TASK
In the records below, count every line where the string "also" appears, and reply with the count only.

# # # # #

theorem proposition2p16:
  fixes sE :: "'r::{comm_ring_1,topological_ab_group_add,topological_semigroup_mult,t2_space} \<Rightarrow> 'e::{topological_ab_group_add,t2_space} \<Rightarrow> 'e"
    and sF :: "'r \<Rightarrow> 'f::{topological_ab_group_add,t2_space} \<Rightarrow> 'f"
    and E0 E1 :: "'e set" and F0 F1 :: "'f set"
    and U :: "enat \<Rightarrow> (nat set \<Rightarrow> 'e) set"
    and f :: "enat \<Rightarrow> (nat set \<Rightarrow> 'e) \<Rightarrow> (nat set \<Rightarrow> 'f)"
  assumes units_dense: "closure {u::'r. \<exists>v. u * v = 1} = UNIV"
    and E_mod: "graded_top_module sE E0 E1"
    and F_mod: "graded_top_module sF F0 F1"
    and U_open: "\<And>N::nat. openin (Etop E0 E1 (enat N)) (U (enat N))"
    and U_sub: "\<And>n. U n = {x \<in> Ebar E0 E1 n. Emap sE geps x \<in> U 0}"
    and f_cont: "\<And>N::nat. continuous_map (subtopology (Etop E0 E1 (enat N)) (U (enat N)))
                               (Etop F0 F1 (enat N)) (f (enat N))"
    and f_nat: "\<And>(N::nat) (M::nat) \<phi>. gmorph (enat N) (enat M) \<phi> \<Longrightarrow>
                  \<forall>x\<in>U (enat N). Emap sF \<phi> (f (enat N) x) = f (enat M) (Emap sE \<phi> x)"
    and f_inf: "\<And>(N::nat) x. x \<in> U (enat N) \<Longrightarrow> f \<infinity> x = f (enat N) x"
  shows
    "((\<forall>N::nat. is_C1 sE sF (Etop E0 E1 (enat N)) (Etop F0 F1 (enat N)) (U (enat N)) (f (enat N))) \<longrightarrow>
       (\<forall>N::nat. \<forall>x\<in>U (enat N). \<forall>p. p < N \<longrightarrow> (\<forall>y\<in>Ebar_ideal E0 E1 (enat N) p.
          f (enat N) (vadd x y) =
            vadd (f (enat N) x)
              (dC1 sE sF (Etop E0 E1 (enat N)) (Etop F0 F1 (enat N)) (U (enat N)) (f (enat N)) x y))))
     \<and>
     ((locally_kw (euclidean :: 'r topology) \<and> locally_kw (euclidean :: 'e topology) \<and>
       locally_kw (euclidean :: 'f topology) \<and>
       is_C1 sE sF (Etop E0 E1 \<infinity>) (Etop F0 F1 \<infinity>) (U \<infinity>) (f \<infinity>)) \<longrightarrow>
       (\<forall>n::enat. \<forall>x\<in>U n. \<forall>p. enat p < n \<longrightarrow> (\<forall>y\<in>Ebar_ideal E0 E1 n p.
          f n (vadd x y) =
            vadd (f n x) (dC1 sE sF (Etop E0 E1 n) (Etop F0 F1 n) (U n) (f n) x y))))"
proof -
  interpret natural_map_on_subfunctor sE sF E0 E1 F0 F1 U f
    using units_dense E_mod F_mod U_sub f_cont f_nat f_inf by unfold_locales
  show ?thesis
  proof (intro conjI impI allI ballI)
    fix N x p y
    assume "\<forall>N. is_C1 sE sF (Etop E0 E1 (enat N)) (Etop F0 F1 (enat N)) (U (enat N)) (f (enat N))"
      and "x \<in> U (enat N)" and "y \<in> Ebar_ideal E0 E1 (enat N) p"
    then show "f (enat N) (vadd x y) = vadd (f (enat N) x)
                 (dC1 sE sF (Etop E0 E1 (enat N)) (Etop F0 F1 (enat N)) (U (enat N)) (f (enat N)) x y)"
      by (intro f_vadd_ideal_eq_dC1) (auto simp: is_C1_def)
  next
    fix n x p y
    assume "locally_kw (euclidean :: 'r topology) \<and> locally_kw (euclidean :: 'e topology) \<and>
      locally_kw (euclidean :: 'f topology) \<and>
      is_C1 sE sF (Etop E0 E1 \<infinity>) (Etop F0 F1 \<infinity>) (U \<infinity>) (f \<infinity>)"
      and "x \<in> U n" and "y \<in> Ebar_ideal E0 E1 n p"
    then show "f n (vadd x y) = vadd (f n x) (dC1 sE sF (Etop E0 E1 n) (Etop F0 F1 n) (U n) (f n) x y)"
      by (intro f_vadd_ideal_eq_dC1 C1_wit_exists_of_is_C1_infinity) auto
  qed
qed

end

# # # # #

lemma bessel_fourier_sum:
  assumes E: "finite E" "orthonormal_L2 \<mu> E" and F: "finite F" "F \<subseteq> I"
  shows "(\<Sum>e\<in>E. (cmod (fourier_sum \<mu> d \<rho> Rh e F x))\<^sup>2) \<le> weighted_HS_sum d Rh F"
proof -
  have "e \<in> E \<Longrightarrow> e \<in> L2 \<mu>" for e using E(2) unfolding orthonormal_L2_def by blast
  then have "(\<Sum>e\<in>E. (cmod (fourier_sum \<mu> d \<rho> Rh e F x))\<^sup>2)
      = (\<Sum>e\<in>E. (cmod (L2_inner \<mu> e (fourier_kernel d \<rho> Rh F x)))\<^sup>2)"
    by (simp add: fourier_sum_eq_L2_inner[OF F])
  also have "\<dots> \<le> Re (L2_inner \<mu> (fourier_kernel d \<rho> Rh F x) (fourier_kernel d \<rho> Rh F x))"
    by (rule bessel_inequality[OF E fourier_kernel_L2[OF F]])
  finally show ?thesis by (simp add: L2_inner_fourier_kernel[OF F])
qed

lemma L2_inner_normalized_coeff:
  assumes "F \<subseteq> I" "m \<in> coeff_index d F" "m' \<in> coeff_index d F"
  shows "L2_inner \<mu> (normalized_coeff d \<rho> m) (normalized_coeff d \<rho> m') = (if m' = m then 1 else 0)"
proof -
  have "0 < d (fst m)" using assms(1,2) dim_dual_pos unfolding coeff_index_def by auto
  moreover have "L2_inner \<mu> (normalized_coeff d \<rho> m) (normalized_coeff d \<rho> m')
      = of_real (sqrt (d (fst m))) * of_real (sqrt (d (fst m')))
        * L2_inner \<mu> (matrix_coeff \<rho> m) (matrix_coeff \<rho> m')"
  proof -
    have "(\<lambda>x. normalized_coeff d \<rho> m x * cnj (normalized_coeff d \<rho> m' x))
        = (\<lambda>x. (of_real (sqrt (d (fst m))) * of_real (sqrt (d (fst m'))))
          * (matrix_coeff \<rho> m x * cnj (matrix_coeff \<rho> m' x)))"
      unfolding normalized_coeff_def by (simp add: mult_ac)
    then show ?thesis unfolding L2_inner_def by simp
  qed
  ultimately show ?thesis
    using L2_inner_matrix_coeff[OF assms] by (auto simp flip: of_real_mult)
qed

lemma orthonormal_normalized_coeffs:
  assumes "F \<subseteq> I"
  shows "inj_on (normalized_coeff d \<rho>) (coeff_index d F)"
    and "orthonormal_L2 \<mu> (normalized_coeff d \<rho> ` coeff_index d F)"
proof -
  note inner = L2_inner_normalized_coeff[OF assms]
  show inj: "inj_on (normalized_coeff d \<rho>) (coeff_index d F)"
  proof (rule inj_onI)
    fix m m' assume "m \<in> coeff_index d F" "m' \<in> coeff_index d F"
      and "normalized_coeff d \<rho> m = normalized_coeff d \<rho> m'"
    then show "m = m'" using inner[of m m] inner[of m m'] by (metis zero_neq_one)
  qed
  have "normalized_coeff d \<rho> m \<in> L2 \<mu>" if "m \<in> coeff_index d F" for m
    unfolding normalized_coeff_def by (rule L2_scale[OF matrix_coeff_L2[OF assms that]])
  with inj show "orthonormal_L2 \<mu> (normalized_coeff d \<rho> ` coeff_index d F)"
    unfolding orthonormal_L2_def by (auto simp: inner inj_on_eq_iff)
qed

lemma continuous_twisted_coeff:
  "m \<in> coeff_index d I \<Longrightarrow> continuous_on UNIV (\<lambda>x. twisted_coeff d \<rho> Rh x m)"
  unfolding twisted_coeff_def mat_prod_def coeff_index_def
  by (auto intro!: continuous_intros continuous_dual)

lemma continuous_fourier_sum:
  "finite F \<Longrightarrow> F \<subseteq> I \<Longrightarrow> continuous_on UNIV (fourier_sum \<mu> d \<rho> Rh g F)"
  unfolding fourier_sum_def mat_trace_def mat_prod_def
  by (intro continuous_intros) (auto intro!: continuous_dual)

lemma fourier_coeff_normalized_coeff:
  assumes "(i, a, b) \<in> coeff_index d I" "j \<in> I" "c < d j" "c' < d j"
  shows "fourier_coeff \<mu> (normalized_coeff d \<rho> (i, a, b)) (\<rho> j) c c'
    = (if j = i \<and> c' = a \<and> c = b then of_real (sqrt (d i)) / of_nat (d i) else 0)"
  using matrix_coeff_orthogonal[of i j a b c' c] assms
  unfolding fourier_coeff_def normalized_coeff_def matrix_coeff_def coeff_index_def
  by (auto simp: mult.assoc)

# # # # #

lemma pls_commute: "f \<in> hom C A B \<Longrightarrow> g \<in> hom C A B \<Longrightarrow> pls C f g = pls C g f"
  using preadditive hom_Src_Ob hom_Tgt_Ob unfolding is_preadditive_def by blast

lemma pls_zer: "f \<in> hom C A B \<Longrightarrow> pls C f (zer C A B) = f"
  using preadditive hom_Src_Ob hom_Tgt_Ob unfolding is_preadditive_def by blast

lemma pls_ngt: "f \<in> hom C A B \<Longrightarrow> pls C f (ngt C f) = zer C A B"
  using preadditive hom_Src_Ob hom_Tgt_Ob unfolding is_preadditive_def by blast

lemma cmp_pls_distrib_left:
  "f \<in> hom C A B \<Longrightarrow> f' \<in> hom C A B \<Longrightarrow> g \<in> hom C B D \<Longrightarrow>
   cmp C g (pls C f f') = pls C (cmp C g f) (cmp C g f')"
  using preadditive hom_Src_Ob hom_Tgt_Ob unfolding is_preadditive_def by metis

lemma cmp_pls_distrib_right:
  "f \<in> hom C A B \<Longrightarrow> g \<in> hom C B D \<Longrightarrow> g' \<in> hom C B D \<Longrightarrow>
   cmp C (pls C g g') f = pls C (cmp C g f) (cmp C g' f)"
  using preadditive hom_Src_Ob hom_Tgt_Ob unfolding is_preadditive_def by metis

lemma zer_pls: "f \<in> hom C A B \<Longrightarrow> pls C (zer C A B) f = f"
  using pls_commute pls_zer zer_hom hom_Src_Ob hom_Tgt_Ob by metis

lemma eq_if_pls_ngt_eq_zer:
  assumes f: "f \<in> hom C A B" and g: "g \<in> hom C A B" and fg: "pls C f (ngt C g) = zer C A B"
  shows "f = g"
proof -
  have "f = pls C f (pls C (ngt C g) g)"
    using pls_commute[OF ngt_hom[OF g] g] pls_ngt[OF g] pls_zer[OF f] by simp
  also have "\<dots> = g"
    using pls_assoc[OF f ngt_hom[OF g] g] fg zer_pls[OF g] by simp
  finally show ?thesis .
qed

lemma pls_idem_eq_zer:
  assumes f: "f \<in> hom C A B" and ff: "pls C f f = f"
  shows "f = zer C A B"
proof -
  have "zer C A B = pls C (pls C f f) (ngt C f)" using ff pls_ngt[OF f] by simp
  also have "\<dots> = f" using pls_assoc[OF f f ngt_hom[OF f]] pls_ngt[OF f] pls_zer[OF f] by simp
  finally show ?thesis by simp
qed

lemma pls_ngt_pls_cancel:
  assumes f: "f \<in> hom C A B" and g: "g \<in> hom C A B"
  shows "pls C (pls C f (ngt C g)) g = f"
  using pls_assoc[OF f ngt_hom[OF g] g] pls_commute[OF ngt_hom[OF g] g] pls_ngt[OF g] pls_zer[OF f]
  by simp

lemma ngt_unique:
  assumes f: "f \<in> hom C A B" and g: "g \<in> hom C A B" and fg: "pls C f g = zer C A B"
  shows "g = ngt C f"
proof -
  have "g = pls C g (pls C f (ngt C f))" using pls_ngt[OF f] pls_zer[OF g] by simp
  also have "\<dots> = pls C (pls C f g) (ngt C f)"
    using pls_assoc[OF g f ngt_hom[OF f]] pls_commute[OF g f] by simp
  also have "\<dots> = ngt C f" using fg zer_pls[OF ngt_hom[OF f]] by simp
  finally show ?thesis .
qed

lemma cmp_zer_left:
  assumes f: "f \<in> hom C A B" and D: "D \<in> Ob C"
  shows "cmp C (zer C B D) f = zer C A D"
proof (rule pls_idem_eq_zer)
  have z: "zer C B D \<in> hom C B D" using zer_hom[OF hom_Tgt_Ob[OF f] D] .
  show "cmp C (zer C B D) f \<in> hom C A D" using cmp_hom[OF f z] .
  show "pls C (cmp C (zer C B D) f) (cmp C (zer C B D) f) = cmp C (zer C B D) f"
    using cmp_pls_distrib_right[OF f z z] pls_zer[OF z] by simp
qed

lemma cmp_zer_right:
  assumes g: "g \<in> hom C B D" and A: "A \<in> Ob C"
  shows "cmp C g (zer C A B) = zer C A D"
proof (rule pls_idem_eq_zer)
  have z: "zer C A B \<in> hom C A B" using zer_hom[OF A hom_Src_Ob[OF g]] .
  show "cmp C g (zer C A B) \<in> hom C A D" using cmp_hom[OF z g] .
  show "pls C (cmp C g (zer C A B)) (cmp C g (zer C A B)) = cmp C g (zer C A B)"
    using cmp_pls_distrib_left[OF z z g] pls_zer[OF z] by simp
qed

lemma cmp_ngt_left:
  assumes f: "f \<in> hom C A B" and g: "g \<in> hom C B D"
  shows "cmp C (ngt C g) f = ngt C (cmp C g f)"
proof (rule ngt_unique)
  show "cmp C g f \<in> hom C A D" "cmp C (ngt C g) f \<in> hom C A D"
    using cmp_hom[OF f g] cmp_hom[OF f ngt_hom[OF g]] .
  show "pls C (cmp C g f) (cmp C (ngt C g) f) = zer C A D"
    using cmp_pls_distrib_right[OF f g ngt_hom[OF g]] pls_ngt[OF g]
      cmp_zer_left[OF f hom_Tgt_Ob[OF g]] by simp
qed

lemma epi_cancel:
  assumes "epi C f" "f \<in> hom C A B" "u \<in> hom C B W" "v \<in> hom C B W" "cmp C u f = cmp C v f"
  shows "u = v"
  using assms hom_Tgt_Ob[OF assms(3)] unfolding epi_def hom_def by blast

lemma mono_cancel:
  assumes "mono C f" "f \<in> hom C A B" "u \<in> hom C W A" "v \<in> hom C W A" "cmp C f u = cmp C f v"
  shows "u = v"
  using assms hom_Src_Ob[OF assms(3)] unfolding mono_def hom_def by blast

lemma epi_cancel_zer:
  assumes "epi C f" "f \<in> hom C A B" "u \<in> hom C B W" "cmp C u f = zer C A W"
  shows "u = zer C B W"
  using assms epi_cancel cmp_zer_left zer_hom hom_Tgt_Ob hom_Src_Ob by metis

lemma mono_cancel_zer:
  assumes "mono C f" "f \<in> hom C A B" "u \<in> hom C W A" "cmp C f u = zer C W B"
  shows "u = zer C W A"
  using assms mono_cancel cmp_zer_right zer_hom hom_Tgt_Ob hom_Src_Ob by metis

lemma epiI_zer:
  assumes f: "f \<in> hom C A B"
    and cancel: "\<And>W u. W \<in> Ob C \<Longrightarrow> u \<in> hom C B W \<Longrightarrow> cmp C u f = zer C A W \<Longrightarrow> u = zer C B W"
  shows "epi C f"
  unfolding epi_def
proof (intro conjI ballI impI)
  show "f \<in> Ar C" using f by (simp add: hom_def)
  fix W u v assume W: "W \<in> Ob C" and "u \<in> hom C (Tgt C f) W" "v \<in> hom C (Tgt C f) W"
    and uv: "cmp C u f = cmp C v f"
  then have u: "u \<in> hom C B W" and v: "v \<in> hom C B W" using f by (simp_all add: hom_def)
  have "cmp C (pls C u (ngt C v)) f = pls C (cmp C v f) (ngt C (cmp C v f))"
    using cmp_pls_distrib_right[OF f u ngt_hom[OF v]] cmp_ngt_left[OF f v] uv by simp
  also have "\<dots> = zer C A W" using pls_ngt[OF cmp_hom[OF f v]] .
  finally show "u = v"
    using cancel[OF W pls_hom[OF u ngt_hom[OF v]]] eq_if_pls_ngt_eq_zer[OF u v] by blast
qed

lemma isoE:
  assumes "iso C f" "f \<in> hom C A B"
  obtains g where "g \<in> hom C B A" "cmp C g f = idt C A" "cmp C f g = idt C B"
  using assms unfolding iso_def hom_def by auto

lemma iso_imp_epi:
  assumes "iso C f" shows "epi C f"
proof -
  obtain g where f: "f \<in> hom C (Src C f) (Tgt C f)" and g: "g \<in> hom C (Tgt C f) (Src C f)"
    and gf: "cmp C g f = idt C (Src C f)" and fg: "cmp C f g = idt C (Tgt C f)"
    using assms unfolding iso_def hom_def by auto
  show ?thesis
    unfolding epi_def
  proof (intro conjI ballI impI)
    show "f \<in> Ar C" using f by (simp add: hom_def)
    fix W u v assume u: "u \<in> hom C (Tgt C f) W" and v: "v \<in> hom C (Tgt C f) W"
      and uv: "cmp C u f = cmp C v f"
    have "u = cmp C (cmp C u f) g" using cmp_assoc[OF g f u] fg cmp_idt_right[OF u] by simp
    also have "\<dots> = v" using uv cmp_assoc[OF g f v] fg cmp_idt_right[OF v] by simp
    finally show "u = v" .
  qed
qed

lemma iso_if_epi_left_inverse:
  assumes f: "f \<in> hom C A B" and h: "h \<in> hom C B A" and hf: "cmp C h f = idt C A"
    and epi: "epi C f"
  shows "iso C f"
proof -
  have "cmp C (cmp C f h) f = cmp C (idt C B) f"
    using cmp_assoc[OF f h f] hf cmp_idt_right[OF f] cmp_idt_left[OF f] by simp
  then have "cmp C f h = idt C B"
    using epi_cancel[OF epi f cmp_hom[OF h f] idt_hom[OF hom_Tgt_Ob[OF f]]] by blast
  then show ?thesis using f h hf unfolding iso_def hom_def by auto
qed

# # # # #

WRITTEN SOLUTION
7